The key and the IV are given in hex. Their length depending on the cipher and key size in question.
The key above is one of 16 weak DES keys. It should not be used in practice.
Generate private key for an SSL certificate and verify its consistency.
Generate unencrypted private key
Generate 4096-bit private key using RSA algorithm.
Generate encrypted private key
Basic way to generate encrypted private key
Generate 4096-bit RSA private key, encrypt it using AES-192 cipher and password provided from the application itself as you will be asked for it.
Different ways to generate encrypted private key
Generate 4096-bit RSA private key, encrypt it using 3DES cipher and password provided from the command-line.
Generate 4096-bit RSA private key, encrypt it using AES-128 cipher and password provided from the specific file.
Generate 4096-bit RSA private key, encrypt it using CAMELLIA-256 cipher and password provided from the environment variable.
Generate 4096-bit RSA private key, encrypt it using AES-256 cipher and password provided from standard input.
Encrypt or decrypt existing private key
Encrypt existing private key using AES-256 cipher and password provided from the command-line.
Re-encrypt existing private key using AES-256 cipher and password provided from the command-line.
Decrypt existing private key using password provided from the command-line.

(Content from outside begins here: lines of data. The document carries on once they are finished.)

(*
  Suppose w is a nontrivial solution of the linearized problem, and let L denote the operator
  w \<mapsto> w'' + w'/r + f'(u) w. For any \<phi> the weighted Wronskian r (\<phi> w' - \<phi>' w) has
  derivative -r w L\<phi> wherever Lw = 0.

  With \<phi> = u one has Lu = u f'(u) - f(u) > 0, so by Rolle's theorem this Wronskian cannot vanish
  at both ends of a nodal interval of w; hence w has an interior zero z with w'(z) \<noteq> 0.
  With \<phi> = r u' + c and c = -z u'(z) one has \<phi>(z) = 0 and L\<phi> = c f'(u) - 2 f(u). Since u is
  decreasing and f'/f is decreasing (log-concavity), f'(u)/f(u) increases in r, so L\<phi> changes
  sign at most once. Comparing the Wronskian at the two ends of the nodal intervals to the left and
  to the right of z gives c f'(u(z)) > 2 f(u(z)) and c f'(u(z)) < 2 f(u(z)) respectively.
*)

lemma log_concave_ratio_decreasing:
  fixes f f' f'' :: "real \<Rightarrow> real"
  assumes f_deriv: "\<And>x. x > 0 \<Longrightarrow> (f has_real_derivative f' x) (at x)"
    and f'_deriv: "\<And>x. x > 0 \<Longrightarrow> (f' has_real_derivative f'' x) (at x)"
    and f_pos: "\<And>x. x > 0 \<Longrightarrow> f x > 0"
    and log_concave: "\<And>x. x > 0 \<Longrightarrow> f'' x * f x - (f' x)\<^sup>2 < 0"
    and "0 < x" "x < y"
  shows "f' y / f y < f' x / f x"
proof (rule DERIV_neg_imp_decreasing[OF \<open>x < y\<close>])
  fix t assume "x \<le> t" "t \<le> y"
  then have "t > 0" using \<open>0 < x\<close> by simp
  have "((\<lambda>s. f' s / f s) has_real_derivative
          (f'' t * f t - f' t * f' t) / (f t * f t)) (at t)"
    by (rule DERIV_divide[OF f'_deriv f_deriv]) (use \<open>t > 0\<close> f_pos[OF \<open>t > 0\<close>] in auto)
  moreover have "(f'' t * f t - f' t * f' t) / (f t * f t) < 0"
    using log_concave[OF \<open>t > 0\<close>] f_pos[OF \<open>t > 0\<close>]
    by (simp add: divide_neg_pos power2_eq_square)
  ultimately show "\<exists>d. ((\<lambda>s. f' s / f s) has_real_derivative d) (at t) \<and> d < 0"
    by blast
qed

lemma nonzero_on_interval_same_sign:
  fixes w :: "real \<Rightarrow> real"
  assumes "continuous_on {s..t} w" "s \<le> t" "\<And>x. s \<le> x \<Longrightarrow> x \<le> t \<Longrightarrow> w x \<noteq> 0"
  shows "w s < 0 \<longleftrightarrow> w t < 0"
  using IVT'[of w s 0 t] IVT2'[of w t 0 s] assms by (force simp: not_less)

lemma last_zero_before:
  fixes w :: "real \<Rightarrow> real"
  assumes cont: "continuous_on {lo..r} w" and "lo < r" "w r \<noteq> 0"
  obtains a where "lo \<le> a" "a < r" "a = lo \<or> w a = 0" "\<And>t. a < t \<Longrightarrow> t \<le> r \<Longrightarrow> w t \<noteq> 0"
proof (cases "\<exists>x\<in>{lo..r}. w x = 0")
  case False
  then show ?thesis using that[of lo] \<open>lo < r\<close> by fastforce
next
  case True
  define Z where "Z = {x \<in> {lo..r}. w x = 0}"
  have "closed Z" "Z \<noteq> {}" "bdd_above Z"
    using continuous_closed_preimage_constant[OF cont] True by (auto simp: Z_def)
  then have "Sup Z \<in> Z" and Sup_upper: "\<And>x. x \<in> Z \<Longrightarrow> x \<le> Sup Z"
    by (auto intro: closed_contains_Sup cSup_upper)
  show ?thesis
  proof (rule that[of "Sup Z"])
    show "lo \<le> Sup Z" "Sup Z = lo \<or> w (Sup Z) = 0"
      using \<open>Sup Z \<in> Z\<close> by (auto simp: Z_def)
    show "Sup Z < r"
      using \<open>Sup Z \<in> Z\<close> \<open>w r \<noteq> 0\<close> by (auto simp: Z_def order.order_iff_strict)
    show "w t \<noteq> 0" if "Sup Z < t" "t \<le> r" for t
      using that Sup_upper[of t] \<open>lo \<le> Sup Z\<close> by (auto simp: Z_def)
  qed
qed

lemma first_zero_after:
  fixes w :: "real \<Rightarrow> real"
  assumes cont: "continuous_on {r..hi} w" and "r < hi" "w r \<noteq> 0" "w hi = 0"
  obtains b where "r < b" "b \<le> hi" "w b = 0" "\<And>t. r \<le> t \<Longrightarrow> t < b \<Longrightarrow> w t \<noteq> 0"
proof -
  have "continuous_on {-hi..-r} (\<lambda>t. w (- t))"
    by (rule continuous_on_compose2[OF cont]) (auto intro: continuous_intros)
  from last_zero_before[OF this] obtain a where a:
    "-hi \<le> a" "a < -r" "a = -hi \<or> w (-a) = 0" "\<And>t. a < t \<Longrightarrow> t \<le> -r \<Longrightarrow> w (-t) \<noteq> 0"
    using assms by auto
  show ?thesis
  proof (rule that[of "-a"])
    show "w t \<noteq> 0" if "r \<le> t" "t < -a" for t
      using a(4)[of "-t"] that by simp
  qed (use a \<open>w hi = 0\<close> in auto)
qed

lemma negative_interval_ending_at:
  fixes w :: "real \<Rightarrow> real"
  assumes cont: "continuous_on {lo..z} w" and "lo < z" "d > 0"
    and neg: "\<And>h. 0 < h \<Longrightarrow> h < d \<Longrightarrow> w (z - h) < 0"
  obtains a where "lo \<le> a" "a < z" "a = lo \<or> w a = 0" "\<And>t. a < t \<Longrightarrow> t < z \<Longrightarrow> w t < 0"
proof -
  obtain h where "0 < h" "h < d" "h < z - lo"
    using field_lbound_gt_zero[of d "z - lo"] \<open>lo < z\<close> \<open>d > 0\<close> by auto
  define r where "r = z - h"
  have r: "lo < r" "r < z" "z - r < d"
    using \<open>0 < h\<close> \<open>h < d\<close> \<open>h < z - lo\<close> by (auto simp: r_def)
  have "w r < 0"
    using neg[of "z - r"] r by simp
  have cont_r: "continuous_on {s..r} w" if "lo \<le> s" for s
    by (rule continuous_on_subset[OF cont]) (use that r in auto)
  obtain a where a: "lo \<le> a" "a < r" "a = lo \<or> w a = 0" "\<And>t. a < t \<Longrightarrow> t \<le> r \<Longrightarrow> w t \<noteq> 0"
    using last_zero_before[OF cont_r \<open>lo < r\<close> _] \<open>w r < 0\<close> by auto
  show ?thesis
  proof (rule that[of a])
    show "w t < 0" if "a < t" "t < z" for t
    proof (cases "t \<le> r")
      case True
      have "w t < 0 \<longleftrightarrow> w r < 0"
        by (rule nonzero_on_interval_same_sign[OF cont_r True]) (use a that in auto)
      then show ?thesis using \<open>w r < 0\<close> by simp
    next
      case False
      then show ?thesis using neg[of "z - t"] r that by simp
    qed
  qed (use a r in auto)
qed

Verify consistency of the private key
Verify consistency of the private key using password provided from the command-line.
Result when private key’s integrity is not compromised.
Result when private key’s integrity is compromised.
Openssl Generate Aes 256 Key
Additional information
C++ Openssl Generate Aes 256 Key Generator
You can still use the following command to generate private key.
Openssl Create Aes 256 Key
This way is still supported, so existing shell scripts will work without any changes.